Monday, July 26, 2010

Winter's Bone (2010)


The independent film Winter’s Bone follows Ree Dolly (Jennifer Lawrence), a destitute Ozarks teenager on the hunt for her crank-cooking, absentee father in the backwoods along the Missouri-Arkansas border. It's a film that's been praised for its realism, but this seems a bit off base. Winter’s Bone is certainly a good film, but it works more as a kind of larger-than-life, southern gothic thriller than it does as a Ramin Barhani-esque exercise in site specific cinema. At its heart, this is a well-observed genre film that often transcends the familiarity of its story thanks to its excellent performances. And while the sense of place that the film manages to cultivate is certainly worth noting, it’s the complex character interactions and director Debra Granik’s unique eye for the grotesque that are truly most memorable.

Granik shot most of the film in muted grays and blues, and this dour color palette, along with the handheld camerawork and Dickon Hinchcliffe’s original score, helps to build an almost constant feeling of dread. As Ree delves into the local underworld of trailer park chemists and speed freaks, Granik succeeds in building the kind of menacing, trust-no-one atmosphere that’s usually only found in suspense and horror films—and to great effect. The missing person case at the center of the story has led many to compare Winter’s Bone to a noir detective film—Daniel Woodrell, on whose book the film is based, is known to refer to his writing as "country noir"—and this is true enough. It views that genre through the prism of the Ozarks in the same way that a movie like Brick used a high school setting. But along with the detective story, Winter's Bone makes heavy use of horror tropes, particulary in the way that it builds tension and makes use of mystery. It has just as much in common with Last House on the Left as it does The Big Sleep, especially by the time we get to a late scene involving a chainsaw.

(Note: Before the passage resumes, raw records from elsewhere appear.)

lemma backward_propagator_apply:
  fixes w :: "'n::finite \<Rightarrow> real \<Rightarrow> 'a::real_normed_vector"
    and P :: "real \<Rightarrow> real \<Rightarrow> real^'n^'n" and A :: "real \<Rightarrow> real^'n^'n"
  assumes "a \<le> t" and P_diag: "P t t = mat 1"
    and P_ds: "\<And>s. s \<in> {a..t} \<Longrightarrow>
        ((\<lambda>\<sigma>. P \<sigma> t) has_vector_derivative - (P s t ** A s)) (at s within {a..t})"
    and w_ode: "\<And>k s. s \<in> {a..t} \<Longrightarrow>
        (w k has_vector_derivative (\<Sum>j\<in>UNIV. A s $ k $ j *\<^sub>R w j s)) (at s within {a..t})"
  shows "w i t = (\<Sum>k\<in>UNIV. P a t $ i $ k *\<^sub>R w k a)"
proof -
  define g where "g s = (\<Sum>k\<in>UNIV. P s t $ i $ k *\<^sub>R w k s)" for s
  have "(g has_vector_derivative 0) (at s within {a..t})" if s: "s \<in> {a..t}" for s
  proof -
    have "(g has_vector_derivative (\<Sum>k\<in>UNIV. P s t $ i $ k *\<^sub>R (\<Sum>j\<in>UNIV. A s $ k $ j *\<^sub>R w j s)
            + (- (P s t ** A s)) $ i $ k *\<^sub>R w k s)) (at s within {a..t})"
      unfolding g_def
      using has_vector_derivative_mat_nth[OF P_ds] w_ode s
      by (intro has_vector_derivative_sum has_vector_derivative_scaleR)
         (auto simp: has_real_derivative_iff_has_vector_derivative)
    moreover have "(\<Sum>k\<in>UNIV. P s t $ i $ k *\<^sub>R (\<Sum>j\<in>UNIV. A s $ k $ j *\<^sub>R w j s))
        = (\<Sum>k\<in>UNIV. (P s t ** A s) $ i $ k *\<^sub>R w k s)"
    proof -
      have "(\<Sum>k\<in>UNIV. P s t $ i $ k *\<^sub>R (\<Sum>j\<in>UNIV. A s $ k $ j *\<^sub>R w j s))
          = (\<Sum>k\<in>UNIV. \<Sum>j\<in>UNIV. (P s t $ i $ k * A s $ k $ j) *\<^sub>R w j s)"
        by (simp add: scaleR_sum_right)
      also have "\<dots> = (\<Sum>j\<in>UNIV. \<Sum>k\<in>UNIV. (P s t $ i $ k * A s $ k $ j) *\<^sub>R w j s)"
        by (rule sum.swap)
      also have "\<dots> = (\<Sum>j\<in>UNIV. (P s t ** A s) $ i $ j *\<^sub>R w j s)"
        by (simp add: matrix_matrix_mult_def scaleR_sum_left)
      finally show ?thesis .
    qed
    ultimately show ?thesis
      by (simp add: sum_subtractf)
  qed
  then obtain c where "\<And>s. s \<in> {a..t} \<Longrightarrow> g s = c"
    by (rule has_vector_derivative_zero_constant[OF convex_real_interval(5)]) blast+
  then have "g t = g a" using \<open>a \<le> t\<close> by auto
  moreover have "g t = w i t"
    by (simp add: g_def P_diag mat_def if_distrib[of "\<lambda>c. c *\<^sub>R _"] cong: if_cong)
  ultimately show ?thesis by (simp add: g_def)
qed

lemma backward_propagator_row_sum:
  fixes P :: "real \<Rightarrow> real \<Rightarrow> real^'n::finite^'n" and A :: "real \<Rightarrow> real^'n^'n"
  assumes "a \<le> t" and "P t t = mat 1"
    and "\<And>s. s \<in> {a..t} \<Longrightarrow>
        ((\<lambda>\<sigma>. P \<sigma> t) has_vector_derivative - (P s t ** A s)) (at s within {a..t})"
    and A_rows: "\<And>s k. (\<Sum>j\<in>UNIV. A s $ k $ j) = 0"
  shows "(\<Sum>k\<in>UNIV. P a t $ i $ k) = 1"
proof -
  have "(1::real) = (\<Sum>k\<in>UNIV. P a t $ i $ k *\<^sub>R 1)"
    by (rule backward_propagator_apply[where A=A]) (use assms in simp_all)
  then show ?thesis by simp
qed

lemma sum_Qmat_row: "(\<Sum>j\<in>UNIV. Qmat \<Psi> x v t $ i $ j) = 0"
proof -
  have "(\<Sum>j\<in>UNIV - {i}. Qmat \<Psi> x v t $ i $ j) = (\<Sum>j\<in>UNIV - {i}. \<Psi> i j (config x v t))"
    by (intro sum.cong) (auto simp: Qmat_def)
  then show ?thesis
    by (simp add: sum.remove[of UNIV i] Qmat_def)
qed

lemma velocity_diam_le_dobrushin:
  fixes \<Psi> :: "'n::finite \<Rightarrow> 'n \<Rightarrow> ((real^'d::finite) \<times> (real^'d))^'n \<Rightarrow> real"
    and x v :: "'n \<Rightarrow> real \<Rightarrow> real^'d" and P :: "real \<Rightarrow> real \<Rightarrow> real^'n^'n"
  assumes v_ode: "\<And>i t. t \<ge> 0 \<Longrightarrow> (v i has_vector_derivative
               (\<alpha> *\<^sub>R (\<Sum>j\<in>UNIV. Qmat \<Psi> x v t $ i $ j *\<^sub>R (v j t - v i t)))) (at t within {0..})"
    and P_diag: "P t t = mat 1"
    and P_ds: "\<And>s. 0 \<le> s \<Longrightarrow> s \<le> t \<Longrightarrow>
               ((\<lambda>\<sigma>. P \<sigma> t) has_vector_derivative (- (\<alpha> *\<^sub>R (P s t ** Qmat \<Psi> x v s)))) (at s within {0..t})"
    and "0 \<le> t"
  shows "diam_fun v t \<le> (1 - dobrushin (P 0 t)) * diam_fun v 0"
proof -
  define A where "A s = \<alpha> *\<^sub>R Qmat \<Psi> x v s" for s
  have A_rows: "(\<Sum>j\<in>UNIV. A s $ k $ j) = 0" for s k
    by (simp add: A_def sum_distrib_left[symmetric] sum_Qmat_row)
  have P_ds': "((\<lambda>\<sigma>. P \<sigma> t) has_vector_derivative - (P s t ** A s)) (at s within {0..t})"
    if "s \<in> {0..t}" for s
    using P_ds that by (simp add: A_def matrix_scalar_ac scalar_matrix_assoc)
  have v_ode': "(v k has_vector_derivative (\<Sum>j\<in>UNIV. A s $ k $ j *\<^sub>R v j s)) (at s within {0..t})"
    if "s \<in> {0..t}" for k s
  proof -
    have "\<alpha> *\<^sub>R (\<Sum>j\<in>UNIV. Qmat \<Psi> x v s $ k $ j *\<^sub>R (v j s - v k s))
        = (\<Sum>j\<in>UNIV. A s $ k $ j *\<^sub>R v j s) - (\<Sum>j\<in>UNIV. A s $ k $ j) *\<^sub>R v k s"
      by (simp add: A_def scaleR_diff_right sum_subtractf scaleR_sum_left scaleR_sum_right)
    then show ?thesis
      using v_ode[of s k] that by (auto simp: A_rows intro: has_vector_derivative_within_subset)
  qed
  have v_eq: "v i t = (\<Sum>k\<in>UNIV. P 0 t $ i $ k *\<^sub>R v k 0)" for i
    by (rule backward_propagator_apply[where A=A]) (use \<open>0 \<le> t\<close> P_diag P_ds' v_ode' in auto)
  have P_rows: "(\<Sum>k\<in>UNIV. P 0 t $ i $ k) = 1" for i
    by (rule backward_propagator_row_sum[where A=A]) (use \<open>0 \<le> t\<close> P_diag P_ds' A_rows in auto)
  have "norm (v i t - v j t) \<le> (1 - dobrushin (P 0 t)) * diam_fun v 0" for i j
    unfolding v_eq by (intro norm_diff_rows_le_dobrushin P_rows norm_le_diam_fun diam_fun_nonneg)
  then show ?thesis
    by (rule diam_fun_le)
qed

lemma norm_diff_le_integral_of_derivative_bound:
  fixes f f' :: "real \<Rightarrow> 'a::banach"
  assumes "a \<le> b"
    and f': "\<And>s. s \<in> {a..b} \<Longrightarrow> (f has_vector_derivative f' s) (at s within {a..b})"
    and g: "g integrable_on {a..b}"
    and bound: "\<And>s. s \<in> {a..<b} \<Longrightarrow> norm (f' s) \<le> g s"
  shows "norm (f b - f a) \<le> integral {a..b} g"
proof -
  define h where "h s = (if s = b then 0 else f' s)" for s
  define k where "k s = (if s = b then 0 else g s)" for s
  have "(f' has_integral (f b - f a)) {a..b}"
    by (rule fundamental_theorem_of_calculus[OF \<open>a \<le> b\<close> f'])
  then have h_int: "(h has_integral (f b - f a)) {a..b}"
    by (rule has_integral_spike_finite[where S="{b}", rotated 2]) (auto simp: h_def)
  have k_int: "(k has_integral integral {a..b} g) {a..b}"
    using integrable_integral[OF g]
    by (rule has_integral_spike_finite[where S="{b}", rotated 2]) (auto simp: k_def)
  have "norm (integral {a..b} h) \<le> integral {a..b} k"
    using bound
    by (intro integral_norm_bound_integral has_integral_integrable[OF h_int]
        has_integral_integrable[OF k_int]) (auto simp: h_def k_def)
  then show ?thesis
    using integral_unique[OF h_int] integral_unique[OF k_int] by simp
qed

lemma diam_fun_le_add_integral:
  assumes "a \<le> b"
    and x_ode: "\<And>i s. s \<in> {a..b} \<Longrightarrow> (x i has_vector_derivative v i s) (at s within {a..b})"
    and g: "g integrable_on {a..b}"
    and v_bound: "\<And>s. s \<in> {a..<b} \<Longrightarrow> diam_fun v s \<le> g s"
  shows "diam_fun x b \<le> diam_fun x a + integral {a..b} g"
proof (rule diam_fun_le)
  fix i j
  have "norm ((x i b - x j b) - (x i a - x j a)) \<le> integral {a..b} g"
  proof (rule norm_diff_le_integral_of_derivative_bound[OF \<open>a \<le> b\<close> _ g])
    show "((\<lambda>s. x i s - x j s) has_vector_derivative v i s - v j s) (at s within {a..b})"
      if "s \<in> {a..b}" for s
      using that by (intro has_vector_derivative_diff x_ode)
    show "norm (v i s - v j s) \<le> g s" if "s \<in> {a..<b}" for s
      using norm_le_diam_fun[of v i s j] v_bound[OF that] by linarith
  qed
  then show "norm (x i b - x j b) \<le> diam_fun x a + integral {a..b} g"
    using norm_triangle_sub[of "x i b - x j b" "x i a - x j a"] norm_le_diam_fun[of x i a j]
    by linarith
qed

lemma nonneg_real_induct_closed:
  assumes closed: "closed {t \<in> {0..}. \<not> P t}"
    and step: "\<And>\<tau>. 0 \<le> \<tau> \<Longrightarrow> (\<And>s. 0 \<le> s \<Longrightarrow> s < \<tau> \<Longrightarrow> P s) \<Longrightarrow> P \<tau>"
    and "0 \<le> t"
  shows "P (t::real)"
proof (rule ccontr)
  define B where "B = {t \<in> {0..}. \<not> P t}"
  assume "\<not> P t"
  then have "B \<noteq> {}" using \<open>0 \<le> t\<close> by (auto simp: B_def)
  moreover have "bdd_below B" by (auto simp: B_def intro: bdd_belowI[where m=0])
  ultimately have "Inf B \<in> B" using closed unfolding B_def[symmetric]
    by (intro closed_contains_Inf)
  moreover have "P s" if "0 \<le> s" "s < Inf B" for s
    using cInf_lower[OF _ \<open>bdd_below B\<close>, of s] that by (force simp: B_def)
  ultimately show False using step by (auto simp: B_def)
qed

lemma diam_fun_less_bootstrap:
  assumes x_ode: "\<And>i t. t \<ge> 0 \<Longrightarrow> (x i has_vector_derivative v i t) (at t within {0..})"
    and v_bound: "\<And>t. 0 \<le> t \<Longrightarrow> (\<And>s. 0 \<le> s \<Longrightarrow> s \<le> t \<Longrightarrow> diam_fun x s < r) \<Longrightarrow>
                    diam_fun v t \<le> g t"
    and g_int: "g integrable_on {0..}" and g_nonneg: "\<And>t. 0 \<le> t \<Longrightarrow> 0 \<le> g t"
    and margin: "diam_fun x 0 + integral {0..} g < r"
    and "0 \<le> t"
  shows "diam_fun x t < r"
proof (rule nonneg_real_induct_closed[OF _ _ \<open>0 \<le> t\<close>])
  have "continuous_on {0..} (x i)" for i
    using x_ode by (auto simp: continuous_on_eq_continuous_within intro: has_vector_derivative_continuous)
  then show "closed {t \<in> {0..}. \<not> diam_fun x t < r}"
    unfolding not_less by (intro closed_diam_fun_ge closed_atLeast)
next
  fix \<tau> :: real
  assume "0 \<le> \<tau>" and below: "\<And>s. 0 \<le> s \<Longrightarrow> s < \<tau> \<Longrightarrow> diam_fun x s < r"
  have "diam_fun x \<tau> \<le> diam_fun x 0 + integral {0..\<tau>} g"
  proof (rule diam_fun_le_add_integral[OF \<open>0 \<le> \<tau>\<close>])
    show "(x i has_vector_derivative v i s) (at s within {0..\<tau>})" if "s \<in> {0..\<tau>}" for i s
      using x_ode[of s i] that by (auto intro: has_vector_derivative_within_subset)
    show "g integrable_on {0..\<tau>}"
      by (rule integrable_on_subinterval[OF g_int]) auto
    show "diam_fun v s \<le> g s" if "s \<in> {0..<\<tau>}" for s
    proof (rule v_bound)
      show "diam_fun x s' < r" if "0 \<le> s'" "s' \<le> s" for s'
        using below that \<open>s \<in> {0..<\<tau>}\<close> by simp
    qed (use that in simp)
  qed
  also have "\<dots> \<le> diam_fun x 0 + integral {0..} g"
    using g_nonneg
    by (intro add_left_mono integral_subset_le integrable_on_subinterval[OF g_int] g_int) auto
  finally show "diam_fun x \<tau> < r"
    using margin by linarith
qed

As in many horror films, certain players are often mythologized and built up by other characters long before they’re actually shown onscreen. It’s a classic technique for building tension and a sense of foreboding, and Granik plays it to perfection, especially in the case of Teardrop (John Hawkes), Ree’s meth-addicted, caged tiger of an uncle. With his jailhouse tats and his mercurial, just-as-soon-kill-you-as-look-at-you demeanor, it’s Hawkes who’s the film’s most memorable character, and Granik honors him by giving him a wonderful, hauntingly unresolved last scene. He’s nearly matched by Jennifer Lawrence, a 19-year old actress whose previous major credit was, of all things, The Bill Engvall Show. She brings a quiet dignity to Ree that is unusual for someone of her age to be able to pull off, and whether she’s skinning squirrels, chopping wood, or acting as a caretaker for her two young siblings and her mentally ill mother, she always seems totally authentic. Likewise, her command of the grit and flow of the backwoods dialect seems effortless, especially when compared to the kind of “aw shucks, ya’ll” histrionics so many Hollywood actresses seem to fall prey to when they try to go full redneck.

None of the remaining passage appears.